I'm not sure I fully understand your input format and desired output stream of data structures. Could you provide a short example, please? — 5gon12eder, May 14 '16 at 22:26
@Copperfield I want to read 2 lines separated by N lines between them. — Utumbu, May 14 '16 at 22:33
@5gon12eder the outputs the above case would be [(1,2),(2,4),(4,6)]... That's the first test case — Utumbu, May 14 '16 at 22:35
So you want a sequence of lists of tuples where each list holds the coordinates for a single test? — 5gon12eder, May 14 '16 at 22:42
Precisely. Something like (Read line i; read line i+n) repeat n times. Do that for each test case — Utumbu, May 14 '16 at 22:42
you want to pair the 1st x with the 1st y, 2nd x with the 2nd y and soo on, right? — Copperfield, May 14 '16 at 22:56

score 3 · Accepted Answer · answered May 14 '16 at 22:59

This might not be the shortest possible solution but I believe it is “pretty optimal”.

def parse_number(stream):
    return int(next(stream).partition('#')[0].strip())

def parse_coords(stream, count):
    return [parse_number(stream) for i in range(count)]

def parse_test(stream):
    count = parse_number(stream)
    return list(zip(parse_coords(stream, count), parse_coords(stream, count)))

def parse_file(stream):
    for i in range(parse_number(stream)):
        yield parse_test(stream)

It will eagerly parse all coordinates of a single test but each test will only be parsed lazily as you ask for it.

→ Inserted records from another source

lemma valid_word_append [simp]: "valid_word n (u @ v) \<longleftrightarrow> valid_word n u \<and> valid_word n v"
  by (auto simp: valid_word_def)

lemma sb_eq_valid_word: "sb_eq n u v \<Longrightarrow> valid_word n u \<longleftrightarrow> valid_word n v"
  unfolding sb_eq_def
proof (induction rule: word_cong.induct)
  case (step u v p q)
  then have "valid_word n u \<and> valid_word n v"
    by (auto elim!: prel.cases irel.cases simp: valid_word_def)
  then show ?case by simp
qed auto

definition sigma_word :: "nat \<Rightarrow> word \<Rightarrow> bool" where
  "sigma_word n W \<longleftrightarrow> (\<forall>x\<in>set W. \<exists>i. x = Sg i \<and> 1 \<le> i \<and> i \<le> n - 1)"

lemma sigma_word_Delta: "sigma_word n (Delta n)"
  using set_Delta[of _ n] by (fastforce simp: sigma_word_def)

lemma winv_Nil [simp]: "winv [] = []"
  by (simp add: winv_def)

lemma winv_Cons: "winv (a # W) = winv W @ [ginv a]"
  by (simp add: winv_def)

lemma valid_word_winv: "sigma_word n W \<Longrightarrow> valid_word n (winv W)"
  by (induction W) (auto simp: sigma_word_def winv_Cons valid_word_def)

lemma sb_eq_winv_right: "sigma_word n W \<Longrightarrow> sb_eq n (W @ winv W) []"
proof (induction W)
  case (Cons a W)
  obtain i where a: "a = Sg i" "1 \<le> i" "i \<le> n - 1" using Cons.prems by (auto simp: sigma_word_def)
  have "(a # W) @ winv (a # W) = [Sg i] @ (W @ winv W) @ [Si i]"
    using a by (simp add: winv_Cons)
  also have "sb_eq n \<dots> ([Sg i] @ [] @ [Si i])"
    using Cons by (intro sb_eq_append_left sb_eq_append_right) (simp add: sigma_word_def)
  also have "sb_eq n ([Sg i] @ [] @ [Si i]) []" using a by (auto intro!: sb_eq_of_irel irel.intros)
  finally show ?case .
qed simp
(* Let $h(t)\in\mathbb{R}^l$ and $z(t)\in\mathbb{R}^p$ be processes such that $s(t)=\begin{bmatrix} z(t)\\ h(t)\end{bmatrix}$ is RC and, for every $t\in\mathbb{Z}$, all coordinates of $z(t)$ are orthogonal to $H^h_t$. Then for every $w\in\Sigma^+$ and every $t\in\mathbb{Z}$, all coordinates of $z^z_w(t)$ are orthogonal to $H^h_{t,w}$.
   Context: Setting (RC framework). All random variables on one probability space. $\Sigma$ finite alphabet, $\Sigma^*$ finite words ($\epsilon$ empty), $\Sigma^+=\Sigma^*\setminus\{\epsilon\}$, $|w|$ length. Fix $p_\sigma>0$; $p_\epsilon=1$, $p_{\sigma_1\cdots\sigma_k}=\prod_i p_{\sigma_i}$. Inputs: scalar processes $u_\sigma(t)$ with $\sum_\sigma\alpha_\sigma u_\sigma(t)=1$ for constants $\alpha_\sigma$, all first/second moments of $u_w(t)$ finite, where $u_w(t)=u_{\sigma_1}(t-k+1)u_{\sigma_2}(t-k+2)\cdots u_{\sigma_k}(t)$ for $w=\sigma_1\cdots\sigma_k$. $z^r_w(t)=r(t-|w|)u_w(t-1)/\sqrt{p_w}$. Admissible set $L\subseteq\Sigma^+$: $\Sigma\subseteq L$; $u_w=0$ a.s. for $w\notin L$; for some $S\subseteq\Sigma\times\Sigma$, a word of length $>1$ is in $L$ iff all its consecutive letter pairs are in $S$. A process $r$ is RC if: (1) $E[r(t)]=0$, $E[z^r_w(t)]=0$, $E[r(t)z^r_w(t)^T]$, $E[z^r_w(t)z^r_v(t)^T]$ finite and independent of $t$; $T^r_{w,v}:=E[z^r_w(t)z^r_v(t)^T]$, $\Lambda^r_w:=E[r(t)z^r_w(t)^T]$; (2) $T^r_{\sigma,\sigma'}=0$ for $\sigma\ne\sigma'$; $T^r_{w\sigma,v\sigma'}=0$ for $\sigma\neq\sigma'$ and $T^r_{w\sigma,v\sigma}=T^r_{w,v}$ if $w\sigma\in L$ or $v\sigma\in L$; $T^r_{w\sigma,\sigma'}=0$ for $\sigma\ne\sigma'$ and $T^r_{w\sigma,\sigma}=(\Lambda^r_w)^T$; (3) $T^r_{w,v}=0$ if $w\notin L$ or $v\notin L$; if $w\sigma\in L$ and $v\sigma\notin L$ then $T^r_{v,w}=T^r_{w,v}=0$. Hilbert space generated by random vectors = mean-square closure of span of their coordinates. $H^h_t$: generated by $\{z^h_v(t)\mid v\in\Sigma^+\}$; $H^h_{t,w}$: generated by $\{z^h_{vw}(t)\mid v\in\Sigma^+\}$. *)

theory Defs
  imports "HOL-Probability.Probability"
begin

text \<open>Words over the alphabet 'sigma are lists; the word sigma1...sigmak is the list
  [sigma1,...,sigmak]; appending a letter on the right is w @ [sigma].\<close>

definition pw :: "('s \<Rightarrow> real) \<Rightarrow> 's list \<Rightarrow> real" where
  "pw p w = (\<Prod>i<length w. p (w ! i))"

definition uw :: "('s \<Rightarrow> int \<Rightarrow> 'a \<Rightarrow> real) \<Rightarrow> 's list \<Rightarrow> int \<Rightarrow> 'a \<Rightarrow> real" where
  "uw u w t \<omega> = (\<Prod>i<length w. u (w ! i) (t - int (length w) + 1 + int i) \<omega>)"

You can use it like this to iterate over the tests:

if __name__ == '__main__':
    with open('input.txt') as istr:
        for test in parse_file(istr):
            print(test)

Better function names might be desired to better distinguish eager from lazy functions. I'm experiencing a lack of naming creativity right now.

+1 for the clean and clear code. `zip(parse_coords(stream, count), parse_coords(stream, count))` Doesn't this tuple have the same element twice? What am I missing here. — Utumbu, May 15 '16 at 00:46
I admit this is a bit tricky. Since `parse_coords` is evaluated eagerly, the first call consumes the `count` *x* coordinates from the stream and the second call will consume the `count` *y* coordinates. The `zip` will then zip two already fully constructed `list`s. Note that the `stream` is passed by-reference and mutated by the functions. — 5gon12eder, May 15 '16 at 01:33

Copperfield · Answer 2 · 2016-05-14T23:33:39.453

2

how about this with the grouper recipe

from itertools import zip_longest

def grouper(iterable, n, fillvalue=None):
    """Collect data into fixed-length chunks or blocks
        grouper('ABCDEFG', 3, 'x') --> ABC DEF Gxx"""
    args = [iter(iterable)] * n
    return zip_longest(*args, fillvalue=fillvalue)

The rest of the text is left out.